### PROBLEM TO SOLVE
Pull every line containing the word "assumes" out of the material below.

### EXERCISE DATA

lemma pairs_affine_image:
  assumes "orient Q1 Q2 Q3 \<noteq> 0"
  obtains m1 m2 t1 m3 m4 t2 where
    "\<And>v v'. (v, v') \<in> pairs \<Longrightarrow> v' = (m1 * fst v + m2 * snd v + t1, m3 * fst v + m4 * snd v + t2)"
    "\<And>x y. (Q1 - Q2) \<bullet> (m1 * x + m2 * y + t1, m3 * x + m4 * y + t2) = (P1 - P2) \<bullet> (x, y) - offset P2 Q2"
proof -
  have det: "fst (Q1 - Q2) * snd (Q1 - Q3) - snd (Q1 - Q2) * fst (Q1 - Q3) \<noteq> 0"
    using assms unfolding orient_def by (simp add: algebra_simps)
  obtain m1 m2 t1 m3 m4 t2 where solve: "\<And>x y x' y'.
      (fst (Q1 - Q2) * x' + snd (Q1 - Q2) * y' = fst (P1 - P2) * x + snd (P1 - P2) * y + - offset P2 Q2 \<and>
       fst (Q1 - Q3) * x' + snd (Q1 - Q3) * y' = fst (P1 - P3) * x + snd (P1 - P3) * y + - offset P3 Q3)
      \<longleftrightarrow> (x' = m1 * x + m2 * y + t1 \<and> y' = m3 * x + m4 * y + t2)"
    by (rule linear_system_solution[OF det, where ?\<alpha>1.0 = "fst (P1 - P2)" and ?\<alpha>2.0 = "snd (P1 - P2)"
        and ?\<gamma>1.0 = "- offset P2 Q2" and ?\<beta>1.0 = "fst (P1 - P3)" and ?\<beta>2.0 = "snd (P1 - P3)"
        and ?\<gamma>2.0 = "- offset P3 Q3"]) blast
  have "v' = (m1 * fst v + m2 * snd v + t1, m3 * fst v + m4 * snd v + t2)" if "(v, v') \<in> pairs" for v v'
    using pairs_linear[OF that] solve[where x = "fst v" and y = "snd v" and x' = "fst v'" and y' = "snd v'"]
    by (simp add: inner_prod_def prod_eq_iff)
  moreover have "(Q1 - Q2) \<bullet> (m1 * x + m2 * y + t1, m3 * x + m4 * y + t2) = (P1 - P2) \<bullet> (x, y) - offset P2 Q2" for x y
    using solve[where x = x and y = y and x' = "m1 * x + m2 * y + t1" and y' = "m3 * x + m4 * y + t2"]
    by (simp add: inner_prod_def)
  ultimately show ?thesis by (rule that)
qed

text \<open>If it were a multiple \<open>c F\<close>: for \<open>c = 0\<close> the map \<open>T\<close> would send every \<open>v\<close> to a point
  with \<open>|v - P2| = |T v - Q2|\<close>, in particular \<open>P2\<close> to \<open>Q2\<close>, against \<open>|P1 P2| \<noteq> |Q1 Q2|\<close>.\<close>
lemma power_difference_not_multiple:
  assumes T_linear: "\<And>x y. (Q1 - Q2) \<bullet> (m1 * x + m2 * y + t1, m3 * x + m4 * y + t2) = (P1 - P2) \<bullet> (x, y) - offset P2 Q2"
    and FT: "\<And>x y. F (m1 * x + m2 * y + t1) (m3 * x + m4 * y + t2) = k * F x y"
  shows "\<nexists>c. \<forall>x y. (x - fst P1)\<^sup>2 + (y - snd P1)\<^sup>2 - (m1 * x + m2 * y + t1 - fst Q1)\<^sup>2
      - (m3 * x + m4 * y + t2 - snd Q1)\<^sup>2 = c * F x y"
proof
  assume "\<exists>c. \<forall>x y. (x - fst P1)\<^sup>2 + (y - snd P1)\<^sup>2 - (m1 * x + m2 * y + t1 - fst Q1)\<^sup>2
      - (m3 * x + m4 * y + t2 - snd Q1)\<^sup>2 = c * F x y"
  then obtain c where hc: "\<And>x y. (x - fst P1)\<^sup>2 + (y - snd P1)\<^sup>2 - (m1 * x + m2 * y + t1 - fst Q1)\<^sup>2
      - (m3 * x + m4 * y + t2 - snd Q1)\<^sup>2 = c * F x y" by blast
  define T where "T v = (m1 * fst v + m2 * snd v + t1, m3 * fst v + m4 * snd v + t2)" for v
  show False
  proof (cases "c = 0")
    case True
    then have "(dist v P1)\<^sup>2 = (dist (T v) Q1)\<^sup>2" for v
      using hc[of "fst v" "snd v"] unfolding T_def dist_sq_eq by simp
    moreover have "(norm P1)\<^sup>2 - (norm P2)\<^sup>2 - 2 * ((P1 - P2) \<bullet> v)
        = (norm Q1)\<^sup>2 - (norm Q2)\<^sup>2 - 2 * ((Q1 - Q2) \<bullet> T v)" for v
      using T_linear[of "fst v" "snd v"] unfolding offset_def T_def by (simp add: field_simps)
    ultimately have "(dist v P2)\<^sup>2 = (dist (T v) Q2)\<^sup>2" for v
      using dist_sq_diff[of v P1 P2] dist_sq_diff[of "T v" Q1 Q2] by (metis diff_left_imp_eq)
    from this[of P2] have "T P2 = Q2" by simp
    then have "dist P2 P1 = dist Q2 Q1"
      using \<open>(dist P2 P1)\<^sup>2 = (dist (T P2) Q1)\<^sup>2\<close> by (simp add: power2_eq_iff_nonneg)
    then show False using dist_12 by (simp add: dist_commute)
  next
    case False
    have "\<exists>r. is_circle C (fst P1, snd P1) r"
      using circle_if_invariant_power_difference[OF hc False FT] .
    then show False using no_circle_P1 by simp
  qed
qed

text \<open>Then \<open>v' = T v\<close> for an affine map \<open>T\<close>, and \<open>v\<close> lies on \<open>C\<close> and on the two conics
  \<open>F \<circ> T = 0\<close> and \<open>|v - P1|\<^sup>2 = |T v - Q1|\<^sup>2\<close>, at least one of which meets \<open>C\<close> properly.\<close>
lemma card_pairs_if_Q_noncollinear:
  assumes "orient Q1 Q2 Q3 \<noteq> 0"
  shows "finite pairs \<and> card pairs \<le> 4"
proof -
  obtain m1 m2 t1 m3 m4 t2 where
    T_pairs: "\<And>v v'. (v, v') \<in> pairs \<Longrightarrow> v' = (m1 * fst v + m2 * snd v + t1, m3 * fst v + m4 * snd v + t2)"
    and T_linear: "\<And>x y. (Q1 - Q2) \<bullet> (m1 * x + m2 * y + t1, m3 * x + m4 * y + t2) = (P1 - P2) \<bullet> (x, y) - offset P2 Q2"
    by (rule pairs_affine_image[OF assms]) blast
  define FT where "FT x y = F (m1 * x + m2 * y + t1) (m3 * x + m4 * y + t2)" for x y
  define h where "h x y = (x - fst P1)\<^sup>2 + (y - snd P1)\<^sup>2 - (m1 * x + m2 * y + t1 - fst Q1)\<^sup>2
      - (m3 * x + m4 * y + t2 - snd Q1)\<^sup>2" for x y
  have "FT (fst v) (snd v) = 0 \<and> h (fst v) (snd v) = 0" if "(v, v') \<in> pairs" for v v'
  proof -
    have "v' \<in> C" "(dist v P1)\<^sup>2 = (dist v' Q1)\<^sup>2" using that unfolding pairs_def by simp_all
    then show ?thesis
      using T_pairs[OF that] mem_C_iff[of "fst v'" "snd v'"] unfolding FT_def h_def dist_sq_eq by simp
  qed
  moreover have "quadratic FT" "quadratic h"
    unfolding FT_def h_def by (rule quadratic_affine_comp[OF quadratic_F] quadratic_power_difference)+
  moreover have "(\<nexists>k. \<forall>x y. FT x y = k * F x y) \<or> (\<nexists>c. \<forall>x y. h x y = c * F x y)"
    using power_difference_not_multiple[OF T_linear] unfolding FT_def h_def by blast
  ultimately obtain G where G: "quadratic G" "\<nexists>k. \<forall>x y. G x y = k * F x y"
    and G_pairs: "\<And>v v'. (v, v') \<in> pairs \<Longrightarrow> G (fst v) (snd v) = 0"
    by blast
  have "pairs \<subseteq> Sigma {v \<in> C. G (fst v) (snd v) = 0}
      (\<lambda>v. {(m1 * fst v + m2 * snd v + t1, m3 * fst v + m4 * snd v + t2)})"
    using G_pairs T_pairs unfolding pairs_def by auto
  then have "finite pairs \<and> card pairs \<le> 4 * 1"
    using card_quadratic_zeros_le_4[OF G] by (intro finite_card_le_mult_if_subset_Sigma) auto
  then show ?thesis by simp
qed

lemma card_pairs_le_4: "finite pairs \<and> card pairs \<le> 4"
  using card_pairs_if_Q_noncollinear card_pairs_if_Q_collinear card_pairs_if_Q_equal by blast

end

theorem lemma4p3:
  fixes d m n :: nat and f1 f2 :: "real poly poly" and C1 C2 :: "pt set"
    and p q :: "nat \<Rightarrow> pt" and i j k l u w :: nat
  assumes "d \<ge> 1"
    and "irreducible_curve C1" and "irreducible_curve C2"
    and "curve_degree C1 \<le> d" and "curve_degree C2 \<le> d"
    and "f1 \<noteq> 0" "zset f1 = C1" "tdeg f1 = curve_degree C1"
    and "f2 \<noteq> 0" "zset f2 = C2" "tdeg f2 = curve_degree C2"
    and "inj_on p {1..m}" "p ` {1..m} \<subseteq> C1"
    and "inj_on q {1..n}" "q ` {1..n} \<subseteq> C2"
    and "\<not> vertical_line C1" "\<not> vertical_line C2"
    and "p ` {1..m} \<inter> q ` {1..n} = {}"
    and "circle_cond C1 (q ` {1..n})" "circle_cond C2 (p ` {1..m})"
    and "line_cond C1 (q ` {1..n})" "line_cond C2 (p ` {1..m})"
    and "i \<in> {1..m}" "j \<in> {1..m}" "k \<in> {1..m}" "l \<in> {1..m}" "u \<in> {1..m}" "w \<in> {1..m}"
    and "dist (p i) (p k) \<noteq> dist (p j) (p l)"
    and "dist (p i) (p u) \<noteq> dist (p j) (p w)"
    and "dist (p k) (p u) \<noteq> dist (p l) (p w)"
    and "is_conic C2"
  shows "finite (Cset f2 p i j \<inter> Cset f2 p k l \<inter> Cset f2 p u w) \<and>
         card (Cset f2 p i j \<inter> Cset f2 p k l \<inter> Cset f2 p u w) \<le> 4"
proof -
  txt \<open>Only the conic \<open>C2\<close>, the distance hypotheses and condition (3) for \<open>C2\<close> are needed.\<close>
  have no_circle: "\<nexists>r. is_circle C2 (p s) r" if "s \<in> {1..m}" for s
    using assms(20) that unfolding circle_cond_def by blast
  interpret equidistant_pairs f2 C2 "p i" "p k" "p u" "p j" "p l" "p w"
    using assms(9-11,29-32) no_circle[OF assms(23)] no_circle[OF assms(24)]
    by unfold_locales auto
  have dist_eq: "dist (x, y) P = dist (x', y') Q \<longleftrightarrow>
      (x - fst P)\<^sup>2 + (y - snd P)\<^sup>2 = (x' - fst Q)\<^sup>2 + (y' - snd Q)\<^sup>2" for x y x' y' and P Q :: pt
    using dist_sq_eq[of "(x, y)" P] dist_sq_eq[of "(x', y')" Q]
      power2_eq_iff_nonneg[of "dist (x, y) P" "dist (x', y') Q"] by simp
  let ?flatten = "\<lambda>((x, y), x', y'). (x, y, x', y')"
  have "Cset f2 p i j \<inter> Cset f2 p k l \<inter> Cset f2 p u w = ?flatten ` pairs"
    by (auto simp: Cset_def pairs_def dist_eq mem_C_iff image_iff)
  moreover have "card (?flatten ` pairs) \<le> card pairs"
    using card_pairs_le_4 by (intro card_image_le) simp
  ultimately show ?thesis using card_pairs_le_4 by simp
qed

end
(* In the setting described in the context, assume moreover $b\ge1000\log^2n$. Then: 1. $\|\overline s^{-1}\widetilde\delta_s\|_2\le2\epsilon$, $\|\overline x^{-1}\widetilde\delta_x\|_2\le2\epsilon$, $\|\mathbb E[\overline s^{-1}\widehat\delta_s]\|_2\le2\epsilon$, $\|\mathbb E[\overline x^{-1}\widehat\delta_x]\|_2\le2\epsilon$, $\|\overline\mu^{-1}(\widetilde\delta_t-\overline\delta_t)\|_2\le\epsilon_{\mathrm{mp}}\epsilon$, and $\|\overline\mu^{-1}(\overline\delta_t+\widetilde\delta_\Phi)\|_2\le5\epsilon$. 2. For every $i\in[n]$: $\operatorname{Var}[\overline x_i^{-1}\widehat\delta_{x,i}]\le2\epsilon^2/b$ and $\operatorname{Var}[\overline s_i^{-1}\widehat\delta_{s,i}]\le2\epsilon^2/b$. 3. $\|\overline x^{-1}(\overline x-\widetilde x)\|_\infty\le2\epsilon_{\mathrm{mp}}$, $\|\overline s^{-1}(\overline s-\widetilde s)\|_\infty\le2\epsilon_{\mathrm{mp}}$, $\|\overline x^{-1}\widetilde\delta_x\|_\infty\le2\epsilon$, $\|\overline s^{-1}\widetilde\delta_s\|_\infty\le2\epsilon$, and $\|\overline\mu^{-1}\widetilde\delta_\mu\|_\infty\le5\epsilon$. 4. $\|\overline x^{-1}\widehat\delta_x\|_\infty\le3\epsilon$ and $\|\overline s^{-1}\widehat\delta_s\|_\infty\le3\epsilon$ hold with probability $1-1/n^4$.
   Context: Let $n\ge2$ and $A\in\mathbb{R}^{d\times n}$ have full row rank $d\le n$. Products, quotients, square roots and inverses of vectors are coordinatewise; for $u\in\mathbb{R}^n$, the capital letter $U$ denotes $\operatorname{diag}(u)$. For $u\in\mathbb{R}^n_{>0}$ and $v\in\mathbb{R}^n_{>0}$ (or a scalar $v>0$, identified with $v\mathbf 1$), $u\approx_\gamma v$ means $(1-\gamma)v_i\le u_i\le(1+\gamma)v_i$ for all $i$. Parameters: $\epsilon,\epsilon_{\mathrm{mp}}\in(0,10^{-4})$, $\lambda>\log n$; $\Phi_\lambda(r)=\sum_{i=1}^n\cosh(\lambda r_i)$, with $\nabla\Phi_\lambda(r)=(\lambda\sinh(\lambda r_i))_i$. Let $t>0$, $t^{\mathrm{new}}=(1-\frac{\epsilon}{3\sqrt n})t$. Let $\overline x,\overline s\in\mathbb{R}^n_{>0}$, $\overline w=\overline x/\overline s$, $\overline\mu=\overline x\,\overline s$, $\overline\delta_t=(\frac{t^{\mathrm{new}}}{t}-1)\overline\mu$. Let $\widetilde w,\widetilde\mu\in\mathbb{R}^n_{>0}$ satisfy $\widetilde\mu\approx_{\epsilon_{\mathrm{mp}}}\overline\mu$, $\widetilde w\approx_{\epsilon_{\mathrm{mp}}}\overline w$, and $\overline\mu\approx_{0.1}t$. Define $\widetilde x=\sqrt{\widetilde w\widetilde\mu}$, $\widetilde s=\sqrt{\widetilde\mu/\widetilde w}$, $\widetilde P=\widetilde W^{1/2}A^\top(A\widetilde WA^\top)^{-1}A\widetilde W^{1/2}$, $\widetilde\delta_t=(\frac{t^{\mathrm{new}}}{t}-1)\widetilde\mu$, $\widetilde\delta_\Phi=-\frac\epsilon2t^{\mathrm{new}}\frac{\nabla\Phi_\lambda(\widetilde\mu/t-1)}{\|\nabla\Phi_\lambda(\widetilde\mu/t-1)\|_2}$ (the gradient is assumed nonzero), $\widetilde\delta_\mu=\widetilde\delta_t+\widetilde\delta_\Phi$, $\widetilde\delta_x=\widetilde X(\widetilde X\widetilde S)^{-1/2}(I-\widetilde P)(\widetilde X\widetilde S)^{-1/2}\widetilde\delta_\mu$, $\widetilde\delta_s=\widetilde S(\widetilde X\widetilde S)^{-1/2}\widetilde P(\widetilde X\widetilde S)^{-1/2}\widetilde\delta_\mu$. Let $R\in\mathbb{R}^{b\times n}$ be a random subsampled randomized Hadamard transform; it satisfies, for every fixed $h\in\mathbb{R}^n$, every $i$ and every $\delta\in(0,1)$: $\mathbb E[R^\top Rh]=h$, $\mathbb E[(R^\top Rh)_i^2]\le h_i^2+\frac1b\|h\|_2^2$, and $\Pr[|(R^\top Rh)_i-h_i|>\|h\|_2\log(n/\delta)/\sqrt b]\le\delta$. Define $\widehat\delta_x=\widetilde X(\widetilde X\widetilde S)^{-1/2}(I-R^\top R\widetilde P)(\widetilde X\widetilde S)^{-1/2}\widetilde\delta_\mu$ and $\widehat\delta_s=\widetilde S(\widetilde X\widetilde S)^{-1/2}R^\top R\widetilde P(\widetilde X\widetilde S)^{-1/2}\widetilde\delta_\mu$. Expectations, variances and probabilities are over the randomness of $R$; all other quantities are deterministic. *)

theory Defs
  imports "HOL-Analysis.Analysis" "HOL-Probability.Probability"
begin

definition vdiag :: "real^'n \<Rightarrow> real^'n^'n" where
  "vdiag u = (\<chi> i j. if i = j then u$i else 0)"

definition vmul :: "real^'n \<Rightarrow> real^'n \<Rightarrow> real^'n" where
  "vmul u v = (\<chi> i. u$i * v$i)"

definition vdiv :: "real^'n \<Rightarrow> real^'n \<Rightarrow> real^'n" where
  "vdiv u v = (\<chi> i. u$i / v$i)"

definition vsqrt :: "real^'n \<Rightarrow> real^'n" where
  "vsqrt u = (\<chi> i. sqrt (u$i))"

definition vinv :: "real^'n \<Rightarrow> real^'n" where
  "vinv u = (\<chi> i. 1 / u$i)"

definition vpos :: "real^'n \<Rightarrow> bool" where
  "vpos u \<longleftrightarrow> (\<forall>i. u$i > 0)"

definition approx_vec :: "real \<Rightarrow> real^'n \<Rightarrow> real^'n \<Rightarrow> bool" where
  "approx_vec \<gamma> u v \<longleftrightarrow> (\<forall>i. (1-\<gamma>) * v$i \<le> u$i \<and> u$i \<le> (1+\<gamma>) * v$i)"

text \<open>Gradient of Phi_lambda(r) = sum_i cosh(lambda r_i).\<close>
definition gradPhi :: "real \<Rightarrow> real^'n \<Rightarrow> real^'n" where
  "gradPhi lam r = (\<chi> i. lam * sinh (lam * r$i))"

end

(* Let v = (X S)^(-1/2) delta_mu be the scaled step and P the weighted projection.  Each of the
   four steps is a coordinatewise rescaling of v - P v or of P v, the sketched ones with R^T R
   applied to P v.  The rescaling factors are at most 1.13 / sqrt t, because x~, s~ and mu~ are
   multiplicatively close to xbar, sbar and t.  Moreover ||v|| <= 0.94 eps sqrt t: the centering
   part of delta_mu becomes (tnew / t - 1) sqrt mu~, of norm about (eps / 3) sqrt t, and the
   potential part has norm at most (eps / 2) t before the division by sqrt mu~ ~ sqrt t.  Since P
   is an orthogonal projection, ||P v|| and ||v - P v|| are at most ||v||; unbiasedness of R^T R
   then gives the expectations, its second-moment bound the variances, and its tail bound with
   delta = n^-5 together with a union bound over the coordinates the high-probability bounds. *)

theory Submission
  imports Defs
begin

section \<open>Diagonal scalings and weighted projections\<close>

lemma vdiag_mult_vec: "vdiag u *v x = vmul u x"
  unfolding vdiag_def vmul_def matrix_vector_mult_def
  by (simp add: vec_eq_iff if_distrib[where f="\<lambda>a. a * _"] cong: if_cong)

lemma vdiag_mult_vdiag: "vdiag u ** vdiag v = vdiag (vmul u v)"
  unfolding vdiag_def vmul_def matrix_matrix_mult_def
  by (simp add: vec_eq_iff if_distrib[where f="\<lambda>a. a * _"] cong: if_cong)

### EXERCISE OUTPUT
  assumes "orient Q1 Q2 Q3 \<noteq> 0"
  assumes T_linear: "\<And>x y. (Q1 - Q2) \<bullet> (m1 * x + m2 * y + t1, m3 * x + m4 * y + t2) = (P1 - P2) \<bullet> (x, y) - offset P2 Q2"
  assumes "orient Q1 Q2 Q3 \<noteq> 0"
  assumes "d \<ge> 1"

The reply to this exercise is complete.